◆ Exercise objective ◆
Beginning with the line that holds "text \<open>Probability that" in the data below, give again every line through the one that holds "k n z \<le>", exactly as written.

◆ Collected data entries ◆
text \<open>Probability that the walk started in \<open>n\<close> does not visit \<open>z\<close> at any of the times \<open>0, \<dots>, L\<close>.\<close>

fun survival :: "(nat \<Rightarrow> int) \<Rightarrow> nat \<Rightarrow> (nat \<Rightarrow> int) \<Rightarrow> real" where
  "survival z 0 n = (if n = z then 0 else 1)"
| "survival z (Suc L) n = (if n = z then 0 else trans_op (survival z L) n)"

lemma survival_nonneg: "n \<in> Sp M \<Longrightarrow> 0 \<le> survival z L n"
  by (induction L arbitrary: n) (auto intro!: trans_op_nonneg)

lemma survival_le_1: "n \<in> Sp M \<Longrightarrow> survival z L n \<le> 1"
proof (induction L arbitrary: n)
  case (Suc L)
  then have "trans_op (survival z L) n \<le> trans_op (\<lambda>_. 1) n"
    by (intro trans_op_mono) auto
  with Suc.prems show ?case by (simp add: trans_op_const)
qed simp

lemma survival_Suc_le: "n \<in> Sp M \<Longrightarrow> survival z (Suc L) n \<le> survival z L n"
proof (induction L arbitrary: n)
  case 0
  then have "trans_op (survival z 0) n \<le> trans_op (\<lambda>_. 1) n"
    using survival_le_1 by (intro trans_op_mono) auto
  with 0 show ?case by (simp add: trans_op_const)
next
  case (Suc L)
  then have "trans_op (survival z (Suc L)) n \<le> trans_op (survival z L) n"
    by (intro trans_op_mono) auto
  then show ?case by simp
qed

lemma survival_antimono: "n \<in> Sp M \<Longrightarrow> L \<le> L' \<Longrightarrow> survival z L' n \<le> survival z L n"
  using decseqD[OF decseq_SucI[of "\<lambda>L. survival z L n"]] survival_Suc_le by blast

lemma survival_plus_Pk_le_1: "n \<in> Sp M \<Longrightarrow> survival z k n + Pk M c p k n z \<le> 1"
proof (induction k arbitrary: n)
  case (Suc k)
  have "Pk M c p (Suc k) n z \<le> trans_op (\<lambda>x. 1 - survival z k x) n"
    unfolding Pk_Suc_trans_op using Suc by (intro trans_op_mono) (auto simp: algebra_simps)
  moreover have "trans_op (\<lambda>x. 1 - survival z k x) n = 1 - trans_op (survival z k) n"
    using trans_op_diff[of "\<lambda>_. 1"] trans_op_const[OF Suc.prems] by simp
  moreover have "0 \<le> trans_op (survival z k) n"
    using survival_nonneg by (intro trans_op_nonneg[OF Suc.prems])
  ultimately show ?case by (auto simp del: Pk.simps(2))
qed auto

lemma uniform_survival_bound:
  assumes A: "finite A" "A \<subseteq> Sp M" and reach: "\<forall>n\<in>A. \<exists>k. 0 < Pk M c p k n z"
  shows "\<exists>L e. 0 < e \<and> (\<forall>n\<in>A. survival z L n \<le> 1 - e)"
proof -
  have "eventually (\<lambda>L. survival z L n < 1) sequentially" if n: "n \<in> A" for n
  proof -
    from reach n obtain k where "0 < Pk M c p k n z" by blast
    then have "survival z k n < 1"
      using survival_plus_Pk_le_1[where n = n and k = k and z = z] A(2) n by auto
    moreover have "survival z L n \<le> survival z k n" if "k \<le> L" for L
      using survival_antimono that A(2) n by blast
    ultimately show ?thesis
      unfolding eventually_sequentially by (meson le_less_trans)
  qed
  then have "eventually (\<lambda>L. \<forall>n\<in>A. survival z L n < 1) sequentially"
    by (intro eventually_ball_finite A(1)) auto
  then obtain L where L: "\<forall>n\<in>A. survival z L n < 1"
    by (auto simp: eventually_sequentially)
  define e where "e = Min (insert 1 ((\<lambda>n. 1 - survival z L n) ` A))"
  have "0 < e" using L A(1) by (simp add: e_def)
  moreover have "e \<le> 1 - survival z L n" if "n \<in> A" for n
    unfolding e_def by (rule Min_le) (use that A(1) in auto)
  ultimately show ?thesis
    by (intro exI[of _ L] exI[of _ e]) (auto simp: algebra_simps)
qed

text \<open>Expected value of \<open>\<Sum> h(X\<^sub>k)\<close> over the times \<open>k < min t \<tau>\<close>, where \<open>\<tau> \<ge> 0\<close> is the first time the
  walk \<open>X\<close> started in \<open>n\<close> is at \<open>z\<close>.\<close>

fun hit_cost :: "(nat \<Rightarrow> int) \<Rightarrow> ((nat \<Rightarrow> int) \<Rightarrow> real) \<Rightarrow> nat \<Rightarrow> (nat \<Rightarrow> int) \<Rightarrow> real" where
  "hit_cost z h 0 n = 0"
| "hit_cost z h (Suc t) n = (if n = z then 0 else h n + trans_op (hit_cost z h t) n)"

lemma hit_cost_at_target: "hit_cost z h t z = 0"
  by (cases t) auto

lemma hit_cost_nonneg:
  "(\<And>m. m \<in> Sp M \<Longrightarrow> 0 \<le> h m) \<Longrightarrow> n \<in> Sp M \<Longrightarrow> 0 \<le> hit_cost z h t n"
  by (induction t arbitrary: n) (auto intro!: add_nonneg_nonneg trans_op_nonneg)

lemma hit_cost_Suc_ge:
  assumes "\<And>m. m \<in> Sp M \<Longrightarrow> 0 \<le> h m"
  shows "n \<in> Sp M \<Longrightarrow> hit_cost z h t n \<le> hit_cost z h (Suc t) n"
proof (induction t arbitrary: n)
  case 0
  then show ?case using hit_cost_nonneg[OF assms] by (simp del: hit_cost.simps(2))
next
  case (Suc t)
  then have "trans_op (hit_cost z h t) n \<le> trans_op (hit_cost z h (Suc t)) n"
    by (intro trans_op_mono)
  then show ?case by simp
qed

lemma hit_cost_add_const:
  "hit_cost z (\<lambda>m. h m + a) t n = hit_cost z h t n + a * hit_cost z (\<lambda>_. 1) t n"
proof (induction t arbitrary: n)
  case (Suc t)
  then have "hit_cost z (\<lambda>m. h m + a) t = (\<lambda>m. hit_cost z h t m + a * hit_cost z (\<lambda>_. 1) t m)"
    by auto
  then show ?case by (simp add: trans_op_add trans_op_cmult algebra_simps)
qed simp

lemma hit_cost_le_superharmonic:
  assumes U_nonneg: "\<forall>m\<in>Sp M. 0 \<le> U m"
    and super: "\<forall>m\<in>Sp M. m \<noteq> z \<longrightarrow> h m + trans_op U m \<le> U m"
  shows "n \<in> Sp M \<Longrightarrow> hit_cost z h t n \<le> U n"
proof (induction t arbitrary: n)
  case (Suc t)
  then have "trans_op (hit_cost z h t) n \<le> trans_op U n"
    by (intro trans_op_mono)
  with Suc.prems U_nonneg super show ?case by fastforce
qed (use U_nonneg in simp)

...

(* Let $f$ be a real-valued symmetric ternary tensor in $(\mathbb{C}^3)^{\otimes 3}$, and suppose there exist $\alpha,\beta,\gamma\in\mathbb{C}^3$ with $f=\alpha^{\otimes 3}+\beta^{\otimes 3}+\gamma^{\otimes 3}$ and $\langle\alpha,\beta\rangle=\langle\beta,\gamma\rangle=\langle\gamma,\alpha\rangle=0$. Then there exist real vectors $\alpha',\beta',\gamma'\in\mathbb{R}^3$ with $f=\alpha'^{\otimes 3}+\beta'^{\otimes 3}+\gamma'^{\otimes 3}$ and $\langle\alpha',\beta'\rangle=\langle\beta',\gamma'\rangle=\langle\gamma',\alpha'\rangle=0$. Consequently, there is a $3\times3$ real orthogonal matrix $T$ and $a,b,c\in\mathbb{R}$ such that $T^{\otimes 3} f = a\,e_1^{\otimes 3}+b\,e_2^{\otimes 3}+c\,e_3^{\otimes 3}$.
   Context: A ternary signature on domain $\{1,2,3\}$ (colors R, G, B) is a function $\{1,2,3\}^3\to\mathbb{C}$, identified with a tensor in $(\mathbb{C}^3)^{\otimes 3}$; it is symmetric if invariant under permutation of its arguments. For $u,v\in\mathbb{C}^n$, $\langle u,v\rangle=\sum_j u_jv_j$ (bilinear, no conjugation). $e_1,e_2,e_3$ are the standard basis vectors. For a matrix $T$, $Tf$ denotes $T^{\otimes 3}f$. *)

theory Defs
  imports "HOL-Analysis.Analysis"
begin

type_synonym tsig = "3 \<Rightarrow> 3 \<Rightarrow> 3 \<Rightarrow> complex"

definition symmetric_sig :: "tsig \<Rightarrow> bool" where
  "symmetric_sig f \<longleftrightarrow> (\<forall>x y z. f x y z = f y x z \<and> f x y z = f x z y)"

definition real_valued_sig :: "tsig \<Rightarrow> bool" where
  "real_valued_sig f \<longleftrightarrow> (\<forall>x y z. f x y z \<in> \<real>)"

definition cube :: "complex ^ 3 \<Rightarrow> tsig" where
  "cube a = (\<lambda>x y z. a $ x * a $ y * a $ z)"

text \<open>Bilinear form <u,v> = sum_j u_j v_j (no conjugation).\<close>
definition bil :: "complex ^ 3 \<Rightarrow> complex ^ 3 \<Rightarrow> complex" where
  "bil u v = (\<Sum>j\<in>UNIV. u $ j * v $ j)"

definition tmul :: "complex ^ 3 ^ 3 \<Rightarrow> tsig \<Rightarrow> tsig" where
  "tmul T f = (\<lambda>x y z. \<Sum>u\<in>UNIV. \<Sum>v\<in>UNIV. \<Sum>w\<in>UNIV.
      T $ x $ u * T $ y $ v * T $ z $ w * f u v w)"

◆ Completed exercise ◆
text \<open>Probability that the walk started in \<open>n\<close> does not visit \<open>z\<close> at any of the times \<open>0, \<dots>, L\<close>.\<close>

fun survival :: "(nat \<Rightarrow> int) \<Rightarrow> nat \<Rightarrow> (nat \<Rightarrow> int) \<Rightarrow> real" where
  "survival z 0 n = (if n = z then 0 else 1)"
| "survival z (Suc L) n = (if n = z then 0 else trans_op (survival z L) n)"

lemma survival_nonneg: "n \<in> Sp M \<Longrightarrow> 0 \<le> survival z L n"
  by (induction L arbitrary: n) (auto intro!: trans_op_nonneg)

lemma survival_le_1: "n \<in> Sp M \<Longrightarrow> survival z L n \<le> 1"
proof (induction L arbitrary: n)
  case (Suc L)
  then have "trans_op (survival z L) n \<le> trans_op (\<lambda>_. 1) n"
    by (intro trans_op_mono) auto
  with Suc.prems show ?case by (simp add: trans_op_const)
qed simp

lemma survival_Suc_le: "n \<in> Sp M \<Longrightarrow> survival z (Suc L) n \<le> survival z L n"
proof (induction L arbitrary: n)
  case 0
  then have "trans_op (survival z 0) n \<le> trans_op (\<lambda>_. 1) n"
    using survival_le_1 by (intro trans_op_mono) auto
  with 0 show ?case by (simp add: trans_op_const)
next
  case (Suc L)
  then have "trans_op (survival z (Suc L)) n \<le> trans_op (survival z L) n"
    by (intro trans_op_mono) auto
  then show ?case by simp
qed

lemma survival_antimono: "n \<in> Sp M \<Longrightarrow> L \<le> L' \<Longrightarrow> survival z L' n \<le> survival z L n"
  using decseqD[OF decseq_SucI[of "\<lambda>L. survival z L n"]] survival_Suc_le by blast

lemma survival_plus_Pk_le_1: "n \<in> Sp M \<Longrightarrow> survival z k n + Pk M c p k n z \<le> 1"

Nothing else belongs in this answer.